Published: 15 October 2022 Publication History

Abstract

This work creates and makes publicly available the most comprehensive dataset to date regarding climate change and human opinions via Twitter. It has the heftiest temporal coverage, spanning over 13 years, includes over 15 million tweets spatially distributed across the world, and provides the geolocation of most tweets. Seven dimensions of information are tied to each tweet, namely geolocation, user gender, climate change stance and sentiment, aggressiveness, deviations from historic temperature, and topic modeling, while accompanied by environmental disaster events information.

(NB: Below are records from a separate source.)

lemma JSdiv_le_ln2:
  assumes "prob_space P" "prob_space Q" "sets Q = sets P"
  shows "JSdiv P Q \<le> ereal (ln 2)"
proof -
  have "KLdiv P (mix_half P Q) \<le> ereal (ln 2)"
    using assms by (rule KLdiv_mix_half_le_ln2)
  moreover have "KLdiv Q (mix_half P Q) \<le> ereal (ln 2)"
    using KLdiv_mix_half_le_ln2[of Q P] assms by (simp add: mix_half_commute)
  ultimately have "KLdiv P (mix_half P Q) + KLdiv Q (mix_half P Q) \<le> ereal (2 * ln 2)"
    using add_mono by fastforce
  moreover have "s / 2 \<le> ereal (ln 2)" if "s \<le> ereal (2 * ln 2)" for s :: ereal
    using that by (cases s) auto
  ultimately show ?thesis
    unfolding JSdiv_def by blast
qed

lemma esqrt_le_sqrt: "x \<le> ereal r \<Longrightarrow> 0 \<le> r \<Longrightarrow> esqrt x \<le> ereal (sqrt r)"
  by (cases x) (auto simp: esqrt_def)

lemma sqrt_le_esqrt: "ereal r \<le> x \<Longrightarrow> ereal (sqrt r) \<le> esqrt x"
  by (cases x) (auto simp: esqrt_def)

lemma two_sqrt_mult_ln2_le:
  fixes c :: real
  assumes "0 \<le> c"
  shows "2 * sqrt (c * ln 2) \<le> sqrt (c * (8 * (ln 2)\<^sup>2))"
proof -
  have "4 * ln 2 * 1 \<le> 4 * ln 2 * (2 * ln (2::real))"
    using ln2_ge_two_thirds by (intro mult_left_mono) simp_all
  then have "c * (4 * ln 2) \<le> c * (8 * (ln 2)\<^sup>2)"
    using assms by (intro mult_left_mono) (simp_all add: power2_eq_square)
  then have "sqrt (4 * (c * ln 2)) \<le> sqrt (c * (8 * (ln 2)\<^sup>2))"
    by (simp add: ac_simps)
  then show ?thesis
    by (simp add: real_sqrt_mult)
qed

lemma twice_mean_esqrt_le_mean_esqrt:
  fixes x y :: "nat \<Rightarrow> ereal"
  assumes "0 \<le> c"
    and x: "\<And>i. i < n \<Longrightarrow> x i \<le> ereal (ln 2)"
    and y: "\<And>i. i < n \<Longrightarrow> ereal (8 * (ln 2)\<^sup>2) \<le> y i"
  shows "ereal (2 / real n) * (\<Sum>i<n. esqrt (ereal c * x i))
       \<le> ereal (1 / real n) * (\<Sum>i<n. esqrt (ereal c * y i))"
proof (cases "n = 0")
  case False
  have x_term: "esqrt (ereal c * x i) \<le> ereal (sqrt (c * ln 2))" if "i < n" for i
    using ereal_mult_left_mono[OF x[OF that], of "ereal c"] assms(1)
    by (intro esqrt_le_sqrt) simp_all
  have y_term: "ereal (sqrt (c * (8 * (ln 2)\<^sup>2))) \<le> esqrt (ereal c * y i)" if "i < n" for i
    using ereal_mult_left_mono[OF y[OF that], of "ereal c"] assms(1)
    by (intro sqrt_le_esqrt) simp
  have "ereal (2 / real n) * (\<Sum>i<n. esqrt (ereal c * x i))
      \<le> ereal (2 / real n) * (\<Sum>i<n. ereal (sqrt (c * ln 2)))"
    using x_term by (intro ereal_mult_left_mono sum_mono) auto
  also have "\<dots> = ereal (2 * sqrt (c * ln 2))"
    using False by (simp add: sum_ereal)
  also have "\<dots> \<le> ereal (sqrt (c * (8 * (ln 2)\<^sup>2)))"
    using two_sqrt_mult_ln2_le[OF assms(1)] by simp
  also have "\<dots> = ereal (1 / real n) * (\<Sum>i<n. ereal (sqrt (c * (8 * (ln 2)\<^sup>2))))"
    using False by (simp add: sum_ereal)
  also have "\<dots> \<le> ereal (1 / real n) * (\<Sum>i<n. esqrt (ereal c * y i))"
    using y_term by (intro ereal_mult_left_mono sum_mono) auto
  finally show ?thesis .
qed simp

theorem proposition2:
  fixes MW :: "'w measure" and MZ :: "'z measure" and \<mu> :: "'z measure"
    and n :: nat
    and K :: "(nat \<Rightarrow> 'z) \<Rightarrow> 'w measure"
    and l :: "'w \<Rightarrow> 'z \<Rightarrow> real"
    and \<sigma> :: real
  defines "PS \<equiv> PiM {..<n} (\<lambda>_. \<mu>)"
  defines "PW \<equiv> PS \<bind> K"
  defines "PWZ \<equiv> (\<lambda>i. PS \<bind> (\<lambda>s. distr (K s) (MW \<Otimes>\<^sub>M MZ) (\<lambda>w. (w, s i))))"
  assumes mu: "prob_space \<mu>" "sets \<mu> = sets MZ"
    and kernel: "K \<in> measurable (PiM {..<n} (\<lambda>_. MZ)) (prob_algebra MW)"
    and loss_nonneg: "\<forall>w\<in>space MW. \<forall>z\<in>space MZ. 0 \<le> l w z"
    and subg: "\<forall>i<n. subgaussian (mix_half (PWZ i) (PW \<Otimes>\<^sub>M \<mu>)) (\<lambda>(w, z). l w z) \<sigma>"
    and MI_large: "\<forall>i<n. KLdiv (PWZ i) (PW \<Otimes>\<^sub>M \<mu>) \<ge> ereal (8 * (ln 2)\<^sup>2)"
  shows "ereal (2 / real n) * (\<Sum>i<n. esqrt (ereal (2 * \<sigma>\<^sup>2) * JSdiv (PWZ i) (PW \<Otimes>\<^sub>M \<mu>)))
       \<le> ereal (1 / real n) * (\<Sum>i<n. esqrt (ereal (2 * \<sigma>\<^sup>2) * KLdiv (PWZ i) (PW \<Otimes>\<^sub>M \<mu>)))"
proof -
  \<comment> \<open>The hypotheses on the loss are what make both sides generalization bounds;
    comparing the two bounds does not need them.\<close>
  have "prob_space PS"
    unfolding PS_def by (rule prob_space_PiM) (use mu in auto)
  moreover have "sets PS = sets (PiM {..<n} (\<lambda>_. MZ))"
    unfolding PS_def by (rule sets_PiM_cong) (use mu in auto)
  ultimately have PS: "PS \<in> space (prob_algebra (PiM {..<n} (\<lambda>_. MZ)))"
    by (simp add: space_prob_algebra)
  have PW_mu: "prob_space (PW \<Otimes>\<^sub>M \<mu>)" "sets (PW \<Otimes>\<^sub>M \<mu>) = sets (MW \<Otimes>\<^sub>M MZ)"
    unfolding PW_def using prob_space_bind'[OF PS kernel] sets_bind'[OF PS kernel] mu
    by (auto intro: prob_space_pair sets_pair_measure_cong)
  have PWZ: "prob_space (PWZ i)" "sets (PWZ i) = sets (MW \<Otimes>\<^sub>M MZ)" if "i < n" for i
  proof -
    have "(\<lambda>s. distr (K s) (MW \<Otimes>\<^sub>M MZ) (\<lambda>w. (w, s i)))
        \<in> PiM {..<n} (\<lambda>_. MZ) \<rightarrow>\<^sub>M prob_algebra (MW \<Otimes>\<^sub>M MZ)"
      by (rule measurable_distr_prob_space2[OF kernel]) (measurable, use that in simp)
    then show "prob_space (PWZ i)" "sets (PWZ i) = sets (MW \<Otimes>\<^sub>M MZ)"
      unfolding PWZ_def using PS by (simp_all add: prob_space_bind' sets_bind')
  qed
  have "JSdiv (PWZ i) (PW \<Otimes>\<^sub>M \<mu>) \<le> ereal (ln 2)" if "i < n" for i
    using PWZ[OF that] PW_mu by (intro JSdiv_le_ln2) simp_all
  with MI_large show ?thesis
    by (intro twice_mean_esqrt_le_mean_esqrt) auto
qed

end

These dimensions were produced by testing and evaluating a plethora of state-of-the-art machine learning algorithms and methods, both supervised and unsupervised, including BERT, RNN, LSTM, CNN, SVM, Naive Bayes, VADER, Textblob, Flair, and LDA.

Highlights

Create the most extensive dataset for climate change and human opinions via Twitter.
Make it publicly available.
Link 7 dimensions of information to each of the 15 million geolocated tweets.
Include Gender, Stance, Sentiment, Aggressiveness, Temperature, Topics, Disasters.
Use of BERT, RNN, LSTM, CNN, SVM, Naive Bayes, VADER, Textblob, Flair, and LDA.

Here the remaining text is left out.